EX-3.2 3 y73196aexv3w2.htm EX-3.2: AMENDMENT NO. 2 TO THE AMENDED AND RESTATED LIMITED LIABILITY COMPANY AGREEMENT EX-3.2
Exhibit 3.2
AMENDMENT NO. 2
TO THE
AMENDED AND RESTATED
LIMITED LIABILITY COMPANY AGREEMENT
OF
DAIMLERCHRYSLER WHOLESALE RECEIVABLES LLC
     This Amendment No. 2 to the Amended and Restated Limited Liability Company Agreement of DaimlerChrysler Wholesale Receivables LLC (the “Company”), dated as of December 17, 2008 (this “Amendment”), is made and entered into by CHRYSLER SPV LLC, a Michigan limited liability company (formerly known as Chrysler Financial Receivables Corporation) and CHRYSLER AUTO RECEIVABLES COMPANY, a Delaware corporation, as the members of the Company (the “Members”).
WITNESSETH
     WHEREAS, the Company is a Delaware limited liability company that was formed under the Delaware Limited Liability Company Act, 6 Del. C. § 18-101, et seq. (the “Act), pursuant to (i) the Certificate of Formation of the Company as filed with the office of the Secretary of State of the State of Delaware on February 24, 2000, and (ii) the Limited Liability Company Agreement of the Company, dated as of February 29, 2000 (the “Initial LLC Agreement”);
     WHEREAS, the Initial LLC Agreement was amended and restated in its entirety by the Amended and Restated Limited Liability Company Agreement of the Company, dated as of May 31, 2000, as amended by the First Amendment thereto, dated as of August 2, 2007 (as so amended, the “Current LLC Agreement”);
     WHEREAS, the Members desire to change the name of the Company and amend the Current LLC Agreement as set forth herein;
     NOW, THEREFORE, intending to be legally bound, the parties hereto hereby agree as follows:
I. AMENDMENTS.
     A. The Current LLC Agreement is hereby amended by deleting the phrase “DaimlerChrysler Wholesale Receivables LLC” in each and every instance in which such phrase appears and replacing it with the following phrase:
     “Chrysler Financial Wholesale Receivables LLC”

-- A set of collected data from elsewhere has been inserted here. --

text \<open>Execution prefixes of Algorithm 1. alg1 V E r L K us q h: after some iterations
  the sets are L, K, the selected nodes (in order) are us, q queries have been made,
  and h says whether the algorithm has halted.\<close>
inductive alg1 :: "nat set \<Rightarrow> (nat \<Rightarrow> nat \<Rightarrow> bool) \<Rightarrow> (nat \<Rightarrow> nat) \<Rightarrow>
    nat set \<Rightarrow> nat set \<Rightarrow> nat list \<Rightarrow> nat \<Rightarrow> bool \<Rightarrow> bool"
  for V E r where
  init: "alg1 V E r {} {} [] 0 False"
| halt: "\<lbrakk>alg1 V E r L K us q False; u \<in> V; \<forall>v\<in>V. eL E L u \<le> eL E L v;
          ecc V E u = eL E L u\<rbrakk> \<Longrightarrow> alg1 V E r L K (us @ [u]) (q + 1) True"
| step: "\<lbrakk>alg1 V E r L K us q False; u \<in> V; \<forall>v\<in>V. eL E L u \<le> eL E L v;
          ecc V E u \<noteq> eL E L u; is_antipode V E r u a;
          h = (Min (eL E (insert a L) ` V) \<ge> Min (ecc V E ` insert u K))\<rbrakk>
        \<Longrightarrow> alg1 V E r (insert a L) (insert u K) (us @ [u]) (q + 2) h"

text \<open>Execution prefixes of Algorithm 3 (x is any node with d(u,x)+e(x)=e(u)).\<close>
inductive alg3 :: "nat set \<Rightarrow> (nat \<Rightarrow> nat \<Rightarrow> bool) \<Rightarrow>
    nat set \<Rightarrow> nat set \<Rightarrow> nat list \<Rightarrow> nat \<Rightarrow> bool \<Rightarrow> bool"
  for V E where
  init: "alg3 V E {} {} [] 0 False"
| step: "\<lbrakk>alg3 V E U K us q False; u \<in> V; \<forall>v\<in>V. eU V E U v \<le> eU V E U u;
          x \<in> V; gdist E u x + ecc V E x = ecc V E u;
          h = (ereal (real (Max (ecc V E ` insert u K))) \<ge> Max (eU V E (insert x U) ` V))\<rbrakk>
        \<Longrightarrow> alg3 V E (insert x U) (insert u K) (us @ [u]) (q + 2) h"

end

theory Submission
  imports Defs
begin

text \<open>While Algorithm 1 has not found a node with
  eccentricity at most \<open>(1 + \<epsilon>) rad\<close>, every node \<open>u\<^sub>j\<close> selected after \<open>u\<^sub>i\<close> lies within
  \<open>rad\<close> of the antipode \<open>a\<^sub>i\<close>, so \<open>e(u\<^sub>i) = d(u\<^sub>i, a\<^sub>i) \<le> d(u\<^sub>i, u\<^sub>j) + rad\<close> forces
  \<open>d(u\<^sub>i, u\<^sub>j) > \<epsilon> rad\<close>. Likewise, while Algorithm 3 has not found a node with eccentricity at
  least \<open>(1 - \<epsilon>) diam\<close>, its selected nodes are pairwise more than \<open>\<epsilon> diam\<close> apart. In both
  cases the selected nodes form an \<open>\<epsilon> R\<close>-separated set inside a ball of radius \<open>R\<close>; covering
  that ball by \<open>\<gamma>\<^sup>k\<close> balls of radius \<open>R / 2\<^sup>k \<le> \<epsilon> R / 2\<close> shows that there are at most
  \<open>\<gamma>\<^sup>k\<close> of them, with \<open>k = \<lceil>log\<^sub>2 (2 / \<epsilon>)\<rceil>\<close>. Each iteration costs at most two queries.\<close>

lemma gdist_walk:
  assumes "connected_graph V E" "u \<in> V" "v \<in> V"
  shows "\<exists>xs. length xs = Suc (gdist E u v) \<and> hd xs = u \<and> last xs = v \<and> successively E xs"
proof -
  from assms obtain xs where xs: "xs \<noteq> []" "hd xs = u" "last xs = v" "successively E xs"
    unfolding connected_graph_def by blast
  hence "\<exists>n xs. length xs = Suc n \<and> hd xs = u \<and> last xs = v \<and> successively E xs"
    by (intro exI[of _ "length xs - 1"] exI[of _ xs]) auto
  thus ?thesis unfolding gdist_def by (rule LeastI_ex)
qed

     B. Section 1.2 of the Current LLC Agreement is hereby deleted in its entirety and replaced with the following:

 


 

     “1.2 Name and Office. The name of the Company shall be Chrysler Financial Wholesale Receivables LLC, and its office shall be located at 27777 Inkster Road, Farmington Hills, Michigan 48334 or such other place as the Members may determine from time to time.”
II. MISCELLANEOUS.
     A. Successors and Assigns. This Amendment shall be binding upon, and shall enure to the benefit of, the parties hereto, and their respective successors and assigns.

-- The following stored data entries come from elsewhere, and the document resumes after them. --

text \<open>Log-convexity of $\sinh$: with $d = a+b$ and $w = |a-b|$, the claim reduces to
  $d^2\sinh^2 w \le w^2 \sinh^2 d$.\<close>

lemma sinh_sum_sq_le:
  fixes a b :: real
  assumes "0 \<le> a" "0 \<le> b"
  shows "4 * a * b * (sinh (a + b))^2 \<le> sinh (2*a) * sinh (2*b) * (a + b)^2"
proof -
  define d where "d = a + b"
  define w where "w = \<bar>a - b\<bar>"
  have w: "0 \<le> w" "w \<le> d" using assms by (auto simp: w_def d_def)
  have "(d * sinh w)^2 \<le> (w * sinh d)^2"
    using sinh_ratio_mono[OF w] w by (intro power_mono) auto
  hence m2: "d^2 * (sinh w)^2 \<le> w^2 * (sinh d)^2" by (simp add: power_mult_distrib)
  have "cosh (2*w) = cosh (2*(a-b))" by (simp add: w_def abs_if)
  hence e1: "sinh (2*a) * sinh (2*b) = (cosh (2*d) - cosh (2*w)) / 2"
    unfolding d_def by (simp add: cosh_add cosh_diff algebra_simps)
  have e2: "cosh (2*d) = 1 + 2 * (sinh d)^2" "cosh (2*w) = 1 + 2 * (sinh w)^2"
    by (simp_all add: cosh_double cosh_square_eq)
  have e3: "4 * a * b = d^2 - w^2" by (simp add: d_def w_def power2_eq_square abs_if algebra_simps)
  show ?thesis using m2 unfolding d_def[symmetric] e1 e2 e3 by (simp add: algebra_simps)
qed

text \<open>Shifting the argument of $\sinh$ by $c$ costs at most a factor $\cosh c$, in both
  sign regimes of $c$ that occur in the hypotheses (I) and (II).\<close>

lemma sinh_shift_le:
  fixes c d :: real
  assumes d: "0 < d" and c: "d \<le> c \<or> (c \<le> 0 \<and> 0 \<le> d + c)"
  shows "d^2 * (sinh (d + c))^2 \<le> (d + c)^2 * (sinh d)^2 * (cosh c)^2"
proof -
  have le: "d * sinh (d + c) \<le> (d + c) * sinh d * cosh c"
    using c
  proof
    assume dc: "d \<le> c"
    have "(c + d) * sinh (c - d) \<le> (c - d) * sinh (c + d)"
      using sinh_ratio_mono[of "c - d" "c + d"] dc d by simp
    thus ?thesis unfolding sinh_diff sinh_add by (simp add: algebra_simps)
  next
    assume c0: "c \<le> 0 \<and> 0 \<le> d + c"
    have "d * sinh (d + c) \<le> (d + c) * sinh d"
      using sinh_ratio_mono[of "d + c" d] c0 by simp
    also have "\<dots> \<le> (d + c) * sinh d * cosh c"
      using mult_left_mono[OF cosh_real_ge_1, of "(d + c) * sinh d" c] c0 d by simp
    finally show ?thesis .
  qed
  have "0 \<le> d * sinh (d + c)" using d c by auto
  hence "(d * sinh (d + c))^2 \<le> ((d + c) * sinh d * cosh c)^2"
    using le by (intro power_mono)
  thus ?thesis by (simp add: power_mult_distrib)
qed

     B. Full Force and Effect. Except to the extent modified hereby, the Current LLC Agreement shall remain in full force and effect.
     C. Governing Law. The validity and interpretation of, and the sufficiency and performance under, this Amendment shall be governed by Delaware law, without regard to principles of conflict of laws.
     D. Effectiveness of Amendment. This Amendment shall be effective immediately upon execution by the parties hereto.
     E. Capitalized Terms. Capitalized terms used herein and not otherwise defined are used as defined in the Current LLC Agreement.
     F. Severability of Provisions. Each provision of this Amendment shall be considered severable and if for any reason any provision or provisions herein are determined to be invalid, unenforceable or illegal under any existing or future law, such invalidity, unenforceability or illegality shall not impair the operation of or affect those portions of this Amendment which are valid, enforceable and legal.
[SIGNATURE PAGE FOLLOWS]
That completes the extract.